THE DATA:
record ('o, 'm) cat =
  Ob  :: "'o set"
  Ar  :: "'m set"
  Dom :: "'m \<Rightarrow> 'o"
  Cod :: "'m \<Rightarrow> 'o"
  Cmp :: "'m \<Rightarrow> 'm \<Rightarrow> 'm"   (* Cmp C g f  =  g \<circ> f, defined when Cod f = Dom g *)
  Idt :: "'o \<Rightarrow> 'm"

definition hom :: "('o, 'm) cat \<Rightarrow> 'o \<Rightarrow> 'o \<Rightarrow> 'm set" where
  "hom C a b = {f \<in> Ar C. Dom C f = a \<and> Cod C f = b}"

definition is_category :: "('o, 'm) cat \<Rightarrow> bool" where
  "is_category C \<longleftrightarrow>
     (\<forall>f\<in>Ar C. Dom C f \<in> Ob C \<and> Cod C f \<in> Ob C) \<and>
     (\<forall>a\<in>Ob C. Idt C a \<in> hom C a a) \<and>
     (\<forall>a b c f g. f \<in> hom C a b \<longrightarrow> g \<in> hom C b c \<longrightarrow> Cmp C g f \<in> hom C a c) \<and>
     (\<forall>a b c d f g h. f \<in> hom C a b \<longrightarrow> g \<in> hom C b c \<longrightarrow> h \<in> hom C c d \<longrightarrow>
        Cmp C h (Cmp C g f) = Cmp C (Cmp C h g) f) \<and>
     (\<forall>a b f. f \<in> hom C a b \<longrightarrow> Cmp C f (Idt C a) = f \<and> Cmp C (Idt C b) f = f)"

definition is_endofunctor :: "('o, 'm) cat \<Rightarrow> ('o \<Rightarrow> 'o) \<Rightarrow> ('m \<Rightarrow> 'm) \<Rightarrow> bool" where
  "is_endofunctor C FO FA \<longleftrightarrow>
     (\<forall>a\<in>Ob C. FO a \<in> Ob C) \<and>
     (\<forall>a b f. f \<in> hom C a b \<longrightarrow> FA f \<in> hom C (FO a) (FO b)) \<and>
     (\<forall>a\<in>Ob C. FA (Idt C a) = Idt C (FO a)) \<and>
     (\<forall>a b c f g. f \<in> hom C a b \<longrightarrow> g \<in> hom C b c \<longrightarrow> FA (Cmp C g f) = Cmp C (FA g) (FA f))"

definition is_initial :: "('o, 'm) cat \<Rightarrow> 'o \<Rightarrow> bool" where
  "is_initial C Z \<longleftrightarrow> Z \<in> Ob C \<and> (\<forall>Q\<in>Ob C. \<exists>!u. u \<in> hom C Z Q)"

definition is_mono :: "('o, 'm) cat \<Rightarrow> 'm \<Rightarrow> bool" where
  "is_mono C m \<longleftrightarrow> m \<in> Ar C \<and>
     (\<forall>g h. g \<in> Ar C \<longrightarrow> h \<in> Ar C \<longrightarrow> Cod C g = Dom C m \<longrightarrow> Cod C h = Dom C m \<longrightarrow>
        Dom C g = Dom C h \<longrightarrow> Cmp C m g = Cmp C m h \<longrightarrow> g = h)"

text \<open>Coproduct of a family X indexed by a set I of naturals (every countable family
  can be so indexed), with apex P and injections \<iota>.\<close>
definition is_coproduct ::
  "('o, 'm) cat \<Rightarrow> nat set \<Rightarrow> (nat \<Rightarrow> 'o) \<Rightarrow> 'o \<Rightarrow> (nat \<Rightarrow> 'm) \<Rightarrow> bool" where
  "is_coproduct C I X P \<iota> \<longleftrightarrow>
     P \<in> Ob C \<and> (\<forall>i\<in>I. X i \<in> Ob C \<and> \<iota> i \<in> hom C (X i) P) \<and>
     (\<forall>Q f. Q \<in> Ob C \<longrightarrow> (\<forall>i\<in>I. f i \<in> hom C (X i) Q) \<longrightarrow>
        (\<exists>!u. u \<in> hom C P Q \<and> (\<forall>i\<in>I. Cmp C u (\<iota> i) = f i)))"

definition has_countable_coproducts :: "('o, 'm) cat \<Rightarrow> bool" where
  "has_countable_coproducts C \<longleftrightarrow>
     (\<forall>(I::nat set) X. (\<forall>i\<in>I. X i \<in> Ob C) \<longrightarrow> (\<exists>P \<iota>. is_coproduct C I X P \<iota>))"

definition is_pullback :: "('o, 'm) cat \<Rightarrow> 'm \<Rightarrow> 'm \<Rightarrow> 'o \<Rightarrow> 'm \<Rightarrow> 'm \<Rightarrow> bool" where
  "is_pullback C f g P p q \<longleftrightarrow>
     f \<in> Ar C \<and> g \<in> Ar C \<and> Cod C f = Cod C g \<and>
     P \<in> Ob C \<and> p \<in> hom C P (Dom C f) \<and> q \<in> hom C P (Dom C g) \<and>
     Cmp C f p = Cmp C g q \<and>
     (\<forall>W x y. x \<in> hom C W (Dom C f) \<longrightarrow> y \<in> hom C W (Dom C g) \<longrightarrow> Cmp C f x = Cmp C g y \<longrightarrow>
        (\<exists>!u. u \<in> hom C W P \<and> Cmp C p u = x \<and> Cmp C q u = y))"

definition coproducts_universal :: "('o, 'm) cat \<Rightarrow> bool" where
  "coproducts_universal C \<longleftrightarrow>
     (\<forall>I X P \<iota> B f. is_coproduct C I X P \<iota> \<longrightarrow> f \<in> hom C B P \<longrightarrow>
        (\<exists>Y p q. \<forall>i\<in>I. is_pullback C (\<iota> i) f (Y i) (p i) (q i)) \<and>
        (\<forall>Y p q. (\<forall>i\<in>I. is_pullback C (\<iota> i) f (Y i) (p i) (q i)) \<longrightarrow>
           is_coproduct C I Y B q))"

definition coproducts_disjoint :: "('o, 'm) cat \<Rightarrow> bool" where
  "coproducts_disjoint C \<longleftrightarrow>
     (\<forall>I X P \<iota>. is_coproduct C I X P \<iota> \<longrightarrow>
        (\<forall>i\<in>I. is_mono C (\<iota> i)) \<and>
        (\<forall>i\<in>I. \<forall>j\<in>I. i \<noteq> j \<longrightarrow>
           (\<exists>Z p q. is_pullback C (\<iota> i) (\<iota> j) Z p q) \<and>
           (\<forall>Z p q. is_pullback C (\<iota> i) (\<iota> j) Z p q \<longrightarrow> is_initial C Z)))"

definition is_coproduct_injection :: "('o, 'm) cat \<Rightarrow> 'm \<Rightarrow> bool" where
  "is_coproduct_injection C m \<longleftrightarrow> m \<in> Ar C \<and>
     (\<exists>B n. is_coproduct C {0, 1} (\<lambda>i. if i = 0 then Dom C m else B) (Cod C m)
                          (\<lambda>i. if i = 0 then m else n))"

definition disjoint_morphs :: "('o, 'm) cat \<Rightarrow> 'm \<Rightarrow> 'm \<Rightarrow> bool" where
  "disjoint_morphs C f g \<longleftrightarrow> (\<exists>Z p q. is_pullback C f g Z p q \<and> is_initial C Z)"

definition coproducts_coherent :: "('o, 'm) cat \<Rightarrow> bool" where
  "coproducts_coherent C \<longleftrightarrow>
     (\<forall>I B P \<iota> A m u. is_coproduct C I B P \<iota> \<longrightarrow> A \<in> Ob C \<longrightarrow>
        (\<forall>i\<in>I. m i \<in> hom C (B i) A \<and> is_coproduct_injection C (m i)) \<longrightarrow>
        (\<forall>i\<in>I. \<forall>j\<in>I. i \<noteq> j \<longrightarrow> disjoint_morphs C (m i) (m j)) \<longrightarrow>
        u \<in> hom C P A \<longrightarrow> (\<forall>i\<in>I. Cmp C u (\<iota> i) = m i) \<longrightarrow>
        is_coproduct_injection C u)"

INSTRUCTIONS FOR THE TASK: Copy every line of the listing where the word "exists" appears.

WRITTEN SOLUTION:
  "is_initial C Z \<longleftrightarrow> Z \<in> Ob C \<and> (\<forall>Q\<in>Ob C. \<exists>!u. u \<in> hom C Z Q)"
        (\<exists>!u. u \<in> hom C P Q \<and> (\<forall>i\<in>I. Cmp C u (\<iota> i) = f i)))"
     (\<forall>(I::nat set) X. (\<forall>i\<in>I. X i \<in> Ob C) \<longrightarrow> (\<exists>P \<iota>. is_coproduct C I X P \<iota>))"
        (\<exists>!u. u \<in> hom C W P \<and> Cmp C p u = x \<and> Cmp C q u = y))"
        (\<exists>Y p q. \<forall>i\<in>I. is_pullback C (\<iota> i) f (Y i) (p i) (q i)) \<and>
           (\<exists>Z p q. is_pullback C (\<iota> i) (\<iota> j) Z p q) \<and>
     (\<exists>B n. is_coproduct C {0, 1} (\<lambda>i. if i = 0 then Dom C m else B) (Cod C m)
  "disjoint_morphs C f g \<longleftrightarrow> (\<exists>Z p q. is_pullback C f g Z p q \<and> is_initial C Z)"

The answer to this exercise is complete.